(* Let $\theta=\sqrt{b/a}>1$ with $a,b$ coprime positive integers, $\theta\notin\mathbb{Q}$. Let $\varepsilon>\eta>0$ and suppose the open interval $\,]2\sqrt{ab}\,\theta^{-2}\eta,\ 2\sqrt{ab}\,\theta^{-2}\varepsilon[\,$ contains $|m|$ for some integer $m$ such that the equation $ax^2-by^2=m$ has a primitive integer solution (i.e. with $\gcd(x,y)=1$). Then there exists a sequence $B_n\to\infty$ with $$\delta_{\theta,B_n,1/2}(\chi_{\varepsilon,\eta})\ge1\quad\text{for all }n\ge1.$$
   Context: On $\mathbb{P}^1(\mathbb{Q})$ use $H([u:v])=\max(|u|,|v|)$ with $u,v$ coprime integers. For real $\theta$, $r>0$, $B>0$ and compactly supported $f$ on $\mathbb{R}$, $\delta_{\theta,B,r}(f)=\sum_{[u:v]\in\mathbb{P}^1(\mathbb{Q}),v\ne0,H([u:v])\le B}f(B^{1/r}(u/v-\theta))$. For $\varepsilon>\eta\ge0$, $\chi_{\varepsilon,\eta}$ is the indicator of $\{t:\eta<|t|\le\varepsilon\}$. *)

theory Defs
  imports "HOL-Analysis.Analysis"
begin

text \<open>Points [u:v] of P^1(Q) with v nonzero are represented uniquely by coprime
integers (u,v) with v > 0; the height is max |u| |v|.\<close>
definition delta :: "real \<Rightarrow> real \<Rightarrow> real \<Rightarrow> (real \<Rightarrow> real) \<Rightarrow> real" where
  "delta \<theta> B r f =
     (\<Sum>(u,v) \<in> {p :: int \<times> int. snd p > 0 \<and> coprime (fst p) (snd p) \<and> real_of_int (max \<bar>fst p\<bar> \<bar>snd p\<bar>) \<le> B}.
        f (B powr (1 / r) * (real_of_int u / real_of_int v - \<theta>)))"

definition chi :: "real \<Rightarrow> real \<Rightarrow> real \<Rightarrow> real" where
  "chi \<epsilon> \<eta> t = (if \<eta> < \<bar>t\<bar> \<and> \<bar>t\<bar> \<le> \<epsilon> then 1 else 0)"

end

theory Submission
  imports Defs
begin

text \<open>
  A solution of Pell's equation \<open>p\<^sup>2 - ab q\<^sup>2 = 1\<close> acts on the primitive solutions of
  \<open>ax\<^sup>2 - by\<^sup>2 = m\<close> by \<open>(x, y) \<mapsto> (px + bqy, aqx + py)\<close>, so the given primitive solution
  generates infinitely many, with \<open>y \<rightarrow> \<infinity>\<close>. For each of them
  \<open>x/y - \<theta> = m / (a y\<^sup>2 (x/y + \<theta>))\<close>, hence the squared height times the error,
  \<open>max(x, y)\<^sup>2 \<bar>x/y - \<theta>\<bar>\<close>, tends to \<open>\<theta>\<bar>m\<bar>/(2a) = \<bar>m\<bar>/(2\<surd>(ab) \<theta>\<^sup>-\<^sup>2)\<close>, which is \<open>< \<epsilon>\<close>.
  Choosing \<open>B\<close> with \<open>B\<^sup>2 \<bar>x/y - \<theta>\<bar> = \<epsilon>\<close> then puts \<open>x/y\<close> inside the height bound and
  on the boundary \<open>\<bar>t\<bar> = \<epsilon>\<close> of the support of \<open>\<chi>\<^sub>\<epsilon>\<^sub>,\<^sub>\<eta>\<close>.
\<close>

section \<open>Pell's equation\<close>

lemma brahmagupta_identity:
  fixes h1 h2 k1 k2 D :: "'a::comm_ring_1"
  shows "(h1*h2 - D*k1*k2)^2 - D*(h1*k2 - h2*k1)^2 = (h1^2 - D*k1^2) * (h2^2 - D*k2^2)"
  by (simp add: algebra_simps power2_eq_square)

━━━━━━━━━━━━━━━━

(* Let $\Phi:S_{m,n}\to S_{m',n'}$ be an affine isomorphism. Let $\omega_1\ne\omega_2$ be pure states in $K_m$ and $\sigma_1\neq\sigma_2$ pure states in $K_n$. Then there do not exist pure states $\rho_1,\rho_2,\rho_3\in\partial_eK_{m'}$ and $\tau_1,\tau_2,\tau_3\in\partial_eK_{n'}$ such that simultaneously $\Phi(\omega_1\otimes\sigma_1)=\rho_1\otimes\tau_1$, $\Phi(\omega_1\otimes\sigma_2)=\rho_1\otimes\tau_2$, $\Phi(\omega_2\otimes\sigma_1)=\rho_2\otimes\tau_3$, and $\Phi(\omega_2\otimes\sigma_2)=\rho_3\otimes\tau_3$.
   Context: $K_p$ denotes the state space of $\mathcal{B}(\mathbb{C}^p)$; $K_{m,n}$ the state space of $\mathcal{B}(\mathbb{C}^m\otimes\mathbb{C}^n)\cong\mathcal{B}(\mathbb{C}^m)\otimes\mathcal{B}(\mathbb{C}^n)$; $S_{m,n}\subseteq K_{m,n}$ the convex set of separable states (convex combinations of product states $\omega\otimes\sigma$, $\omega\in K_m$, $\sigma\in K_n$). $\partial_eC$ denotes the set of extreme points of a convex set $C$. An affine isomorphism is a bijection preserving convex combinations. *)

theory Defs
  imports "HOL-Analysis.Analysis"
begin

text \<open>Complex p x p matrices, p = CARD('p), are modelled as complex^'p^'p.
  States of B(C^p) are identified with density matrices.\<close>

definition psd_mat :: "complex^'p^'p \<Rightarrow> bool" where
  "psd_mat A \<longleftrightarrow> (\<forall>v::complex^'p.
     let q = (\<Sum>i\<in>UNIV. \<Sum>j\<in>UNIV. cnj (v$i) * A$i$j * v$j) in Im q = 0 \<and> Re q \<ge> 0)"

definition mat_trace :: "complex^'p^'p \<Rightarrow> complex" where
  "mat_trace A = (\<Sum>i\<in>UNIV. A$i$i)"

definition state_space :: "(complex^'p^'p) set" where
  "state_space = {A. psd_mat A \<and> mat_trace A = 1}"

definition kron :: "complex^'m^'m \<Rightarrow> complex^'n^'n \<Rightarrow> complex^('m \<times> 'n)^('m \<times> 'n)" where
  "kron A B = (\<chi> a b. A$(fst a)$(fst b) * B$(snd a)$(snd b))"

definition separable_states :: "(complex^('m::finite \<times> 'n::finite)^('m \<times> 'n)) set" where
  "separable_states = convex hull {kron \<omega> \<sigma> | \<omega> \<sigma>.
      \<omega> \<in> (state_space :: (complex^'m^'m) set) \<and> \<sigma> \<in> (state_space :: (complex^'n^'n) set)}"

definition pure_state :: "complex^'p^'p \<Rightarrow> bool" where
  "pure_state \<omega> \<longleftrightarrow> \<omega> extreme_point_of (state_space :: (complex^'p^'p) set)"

━━━━━━━━━━━━━━━━

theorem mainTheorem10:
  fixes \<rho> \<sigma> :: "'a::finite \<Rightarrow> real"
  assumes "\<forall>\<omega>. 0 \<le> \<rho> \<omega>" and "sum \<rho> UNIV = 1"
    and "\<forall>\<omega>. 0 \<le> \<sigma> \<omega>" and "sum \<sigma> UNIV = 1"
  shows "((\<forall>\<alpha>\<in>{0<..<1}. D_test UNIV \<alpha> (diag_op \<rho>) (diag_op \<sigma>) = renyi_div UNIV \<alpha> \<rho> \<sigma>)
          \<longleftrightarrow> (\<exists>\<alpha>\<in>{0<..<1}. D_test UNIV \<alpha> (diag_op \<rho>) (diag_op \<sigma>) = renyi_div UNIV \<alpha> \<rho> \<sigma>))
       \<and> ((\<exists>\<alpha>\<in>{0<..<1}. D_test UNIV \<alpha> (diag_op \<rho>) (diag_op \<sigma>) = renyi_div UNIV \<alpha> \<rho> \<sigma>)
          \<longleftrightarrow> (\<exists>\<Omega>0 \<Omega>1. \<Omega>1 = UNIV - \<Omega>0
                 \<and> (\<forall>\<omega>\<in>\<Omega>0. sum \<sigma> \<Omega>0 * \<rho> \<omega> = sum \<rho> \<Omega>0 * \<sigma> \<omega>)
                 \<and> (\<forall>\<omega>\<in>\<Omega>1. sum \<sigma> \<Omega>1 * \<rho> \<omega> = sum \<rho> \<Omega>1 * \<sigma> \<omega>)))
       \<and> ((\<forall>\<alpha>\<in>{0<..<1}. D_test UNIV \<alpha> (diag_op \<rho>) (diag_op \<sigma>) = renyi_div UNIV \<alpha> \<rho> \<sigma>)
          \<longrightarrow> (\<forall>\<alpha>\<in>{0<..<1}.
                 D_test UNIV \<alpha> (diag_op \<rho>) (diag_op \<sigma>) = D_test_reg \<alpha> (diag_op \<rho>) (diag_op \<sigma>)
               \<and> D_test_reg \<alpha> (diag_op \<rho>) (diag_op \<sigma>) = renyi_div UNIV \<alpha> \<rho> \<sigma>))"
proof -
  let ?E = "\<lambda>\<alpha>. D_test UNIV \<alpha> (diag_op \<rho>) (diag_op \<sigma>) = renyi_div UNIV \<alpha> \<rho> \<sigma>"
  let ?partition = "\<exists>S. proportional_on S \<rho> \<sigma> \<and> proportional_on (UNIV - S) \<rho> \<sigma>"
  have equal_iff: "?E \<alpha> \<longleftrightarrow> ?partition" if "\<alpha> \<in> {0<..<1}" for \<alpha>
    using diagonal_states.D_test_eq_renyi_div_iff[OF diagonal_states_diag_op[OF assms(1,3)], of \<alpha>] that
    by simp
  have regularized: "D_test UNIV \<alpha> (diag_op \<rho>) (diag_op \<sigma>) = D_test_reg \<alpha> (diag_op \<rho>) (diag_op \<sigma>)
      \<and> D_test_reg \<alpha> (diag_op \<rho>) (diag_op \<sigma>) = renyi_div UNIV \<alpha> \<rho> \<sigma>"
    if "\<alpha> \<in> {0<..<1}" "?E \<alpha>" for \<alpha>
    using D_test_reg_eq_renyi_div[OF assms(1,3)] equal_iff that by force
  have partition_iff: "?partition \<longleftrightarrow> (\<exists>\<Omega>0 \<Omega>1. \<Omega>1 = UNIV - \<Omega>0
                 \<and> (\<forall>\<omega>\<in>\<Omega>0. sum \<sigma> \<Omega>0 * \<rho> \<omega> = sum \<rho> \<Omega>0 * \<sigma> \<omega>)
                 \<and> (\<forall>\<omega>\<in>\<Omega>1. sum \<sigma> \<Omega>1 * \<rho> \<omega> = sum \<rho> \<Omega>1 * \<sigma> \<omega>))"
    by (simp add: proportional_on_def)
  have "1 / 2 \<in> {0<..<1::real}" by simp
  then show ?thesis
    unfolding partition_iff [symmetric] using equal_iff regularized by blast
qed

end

━━━━━━━━━━━━━━━━

Extract exactly and only the lines above from the line containing "with $a,b$ coprime" through the line containing "integers (u,v) with", both end lines included.

*Answer to the exercise:*
(* Let $\theta=\sqrt{b/a}>1$ with $a,b$ coprime positive integers, $\theta\notin\mathbb{Q}$. Let $\varepsilon>\eta>0$ and suppose the open interval $\,]2\sqrt{ab}\,\theta^{-2}\eta,\ 2\sqrt{ab}\,\theta^{-2}\varepsilon[\,$ contains $|m|$ for some integer $m$ such that the equation $ax^2-by^2=m$ has a primitive integer solution (i.e. with $\gcd(x,y)=1$). Then there exists a sequence $B_n\to\infty$ with $$\delta_{\theta,B_n,1/2}(\chi_{\varepsilon,\eta})\ge1\quad\text{for all }n\ge1.$$
   Context: On $\mathbb{P}^1(\mathbb{Q})$ use $H([u:v])=\max(|u|,|v|)$ with $u,v$ coprime integers. For real $\theta$, $r>0$, $B>0$ and compactly supported $f$ on $\mathbb{R}$, $\delta_{\theta,B,r}(f)=\sum_{[u:v]\in\mathbb{P}^1(\mathbb{Q}),v\ne0,H([u:v])\le B}f(B^{1/r}(u/v-\theta))$. For $\varepsilon>\eta\ge0$, $\chi_{\varepsilon,\eta}$ is the indicator of $\{t:\eta<|t|\le\varepsilon\}$. *)

theory Defs
  imports "HOL-Analysis.Analysis"
begin

text \<open>Points [u:v] of P^1(Q) with v nonzero are represented uniquely by coprime
integers (u,v) with v > 0; the height is max |u| |v|.\<close>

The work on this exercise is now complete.